A complete list of names within Thomism is virtually impossible to produce. Still, some of the scholars who engaged in their works with the theory of evolution in particular are, in a broad birth chronological order (with an attempt to cover all major Western geographical areas), Zeferino González y Díaz Tuñón, OP (1831–1894),Footnote 131 Charles Coppens, SJ (1835–1920),Footnote 132 Tilmann Pesch, SJ (1836–1899),Footnote 133 Michaele de Maria, SJ (1837–1913),Footnote 134 Bernard Boedder, SJ (1841–1917),Footnote 135 Juan José Urráburu, SJ (1844–1904),Footnote 136 Albert Farges (1848–1926),Footnote 137 Joseph Pohle (1852–1922),Footnote 138 Henry de Dorlodot (1855–1929),Footnote 139 Ambroise Gardeil, OP (1859–1931),Footnote 140 Juan González Arintero, OP (1860–1928),Footnote 141 Antonin Sertillanges, OP (1863–1948),Footnote 142 George Hayward Joyce, SJ (1864–1943),Footnote 143 Thomas Pègues, OP (1866–1936),Footnote 144 Édouard Hugon (1867–1929),Footnote 145 Joseph Donat, SJ (1868–1946),Footnote 146 Joseph de Tonquédec, SJ (1868–1962),Footnote 147 Stanislas-Alfred Lortie (1869–1912),Footnote 148 Karl Frank (1875–1950),Footnote 149 Jacques Maritain (1882–1973),Footnote 150 José Hellín, SJ (1883–1976),Footnote 151 Étienne Gilson (1884–1978),Footnote 152 Henri Collin (1888–1979),Footnote 153 Régis Jolivet (1891–1966),Footnote 154 Angelo Pirotta (1894–1956),Footnote 155 François-Joseph Thonnard (1896–1974),Footnote 156 Henri Grenier (1899–1980),Footnote 157 H.D. Gardeil, OP (1900–1974),Footnote 158 Stanislas Cantin (1901–1972),Footnote 159 André Munier,Footnote 160 Emmanuel Doronzo (1903–1976),Footnote 161 Charles de Koninck (1906–1965),Footnote 162 R.P. Phillips,Footnote 163 Leovigildo Salcedo, SJ (1909–2003),Footnote 164 Andreas Gerardus Maria van Melsen (1912–1994),Footnote 165 Henry Koren, CSSp (1912–2002),Footnote 166 Raymond J. Nogar (1916–1967),Footnote 167 Jean-Marie Aubert (1916–1994),Footnote 168 John Deely (1942–2017),Footnote 169 among many others.

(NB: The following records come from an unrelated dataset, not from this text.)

lemma
  assumes a: "bps_conv a \<rho>" and q0: "q0 \<in> open_square \<rho>"
  defines "\<sigma> \<equiv> \<rho> - max \<bar>fst q0\<bar> \<bar>snd q0\<bar>"
  shows bps_conv_shift: "bps_conv (bps_shift a q0) \<sigma>"
    and bps_shift: "v \<in> open_square \<sigma> \<Longrightarrow> bps a (q0 + v) = bps (bps_shift a q0) v"
proof -
  obtain x0 y0 where xy: "q0 = (x0,y0)" by fastforce
  define B :: "nat \<times> nat \<Rightarrow> (nat \<times> nat) set" where "B = (\<lambda>(i,j). {..i}\<times>{..j})"
  define T where "T = (\<lambda>((i,j),(p,q)). a i j * (of_nat (i choose p) * x0^(i-p)) * (of_nat (j choose q) * y0^(j-q)))"
  define P :: "(nat \<times> nat) \<times> nat \<times> nat \<Rightarrow> nat" where "P = (\<lambda>k. fst (snd k))"
  define Q :: "(nat \<times> nat) \<times> nat \<times> nat \<Rightarrow> nat" where "Q = (\<lambda>k. snd (snd k))"
  have fin: "finite (B ij)" for ij by (simp add: B_def split: prod.split)
  have bound: "(\<Sum>k\<in>B (i,j). \<bar>T ((i,j),k)\<bar> * r^(P ((i,j),k) + Q ((i,j),k)))
      \<le> \<bar>a i j\<bar> * (r + max \<bar>x0\<bar> \<bar>y0\<bar>)^(i+j)" if r: "0 < r" for r i j
  proof -
    have "(\<Sum>k\<in>B (i,j). \<bar>T ((i,j),k)\<bar> * r^(P ((i,j),k) + Q ((i,j),k)))
        = \<bar>a i j\<bar> * (\<Sum>(p,q)\<in>{..i}\<times>{..j}. (of_nat (i choose p) * r^p * \<bar>x0\<bar>^(i-p)) * (of_nat (j choose q) * r^q * \<bar>y0\<bar>^(j-q)))"
      unfolding sum_distrib_left B_def
      by (intro sum.cong refl) (auto simp: T_def P_def Q_def abs_mult power_abs power_add mult_ac split: prod.split)
    also have "\<dots> = \<bar>a i j\<bar> * ((r + \<bar>x0\<bar>)^i * (r + \<bar>y0\<bar>)^j)" by (simp add: sum_product_binomial)
    also have "\<dots> \<le> \<bar>a i j\<bar> * ((r + max \<bar>x0\<bar> \<bar>y0\<bar>)^i * (r + max \<bar>x0\<bar> \<bar>y0\<bar>)^j)"
      using r by (intro mult_left_mono mult_mono power_mono) auto
    finally show ?thesis by (simp add: power_add)
  qed
  have block: "(\<Sum>k\<in>B ij. T (ij,k) * s^P (ij,k) * t^Q (ij,k)) = bps_term a ((x0,y0) + (s,t)) ij"
    if "(s,t) \<in> open_square \<sigma>" for s t ij
  proof -
    obtain i j where ij: "ij = (i,j)" by fastforce
    have "(\<Sum>k\<in>B (i,j). T ((i,j),k) * s^P ((i,j),k) * t^Q ((i,j),k))
        = a i j * (\<Sum>(p,q)\<in>{..i}\<times>{..j}. (of_nat (i choose p) * s^p * x0^(i-p)) * (of_nat (j choose q) * t^q * y0^(j-q)))"
      unfolding sum_distrib_left B_def by (intro sum.cong refl) (auto simp: T_def P_def Q_def mult_ac split: prod.split)
    then show ?thesis by (simp add: ij sum_product_binomial bps_term_def add.commute)
  qed
  have b: "bps_shift a (x0,y0) = bps_regroup T P Q (Sigma UNIV B)"
    by (simp add: bps_shift_def T_def B_def P_def Q_def)
  have g: "0 < r + max \<bar>x0\<bar> \<bar>y0\<bar> \<and> r + max \<bar>x0\<bar> \<bar>y0\<bar> < \<rho>" if "0 < r" "r < \<sigma>" for r
    using that by (auto simp: \<sigma>_def xy)
  note regroup = bps_regroup_blocks[where F="\<lambda>v. (x0,y0) + v" and \<sigma>=\<sigma>, OF a fin g bound block]
  show "bps_conv (bps_shift a q0) \<sigma>" "v \<in> open_square \<sigma> \<Longrightarrow> bps a (q0 + v) = bps (bps_shift a q0) v"
    using regroup by (simp_all add: b xy)
qed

This tradition continues today in the works of many contemporary scholars, such as William E. Carroll,Footnote 170 Juan Eduardo Carreño,Footnote 171 Edward Feser,Footnote 172 Simon Kopf,Footnote 173 Nicanor, Austriaco, OP,Footnote 174 and Mariusz Tabaczek, OP.Footnote 175 A quick survey of these authors and the titles of their works presents two tightly related traditions within Neo-Thomism, namely, a handbook and a research-oriented tradition – the former being an attempt at presenting the whole of Aquinas’ ideas as a system in which evolutionary doctrines could or could not be accommodated; the latter having as its goal to rethink Aquinas’ teaching in light of the scientific theories of evolution.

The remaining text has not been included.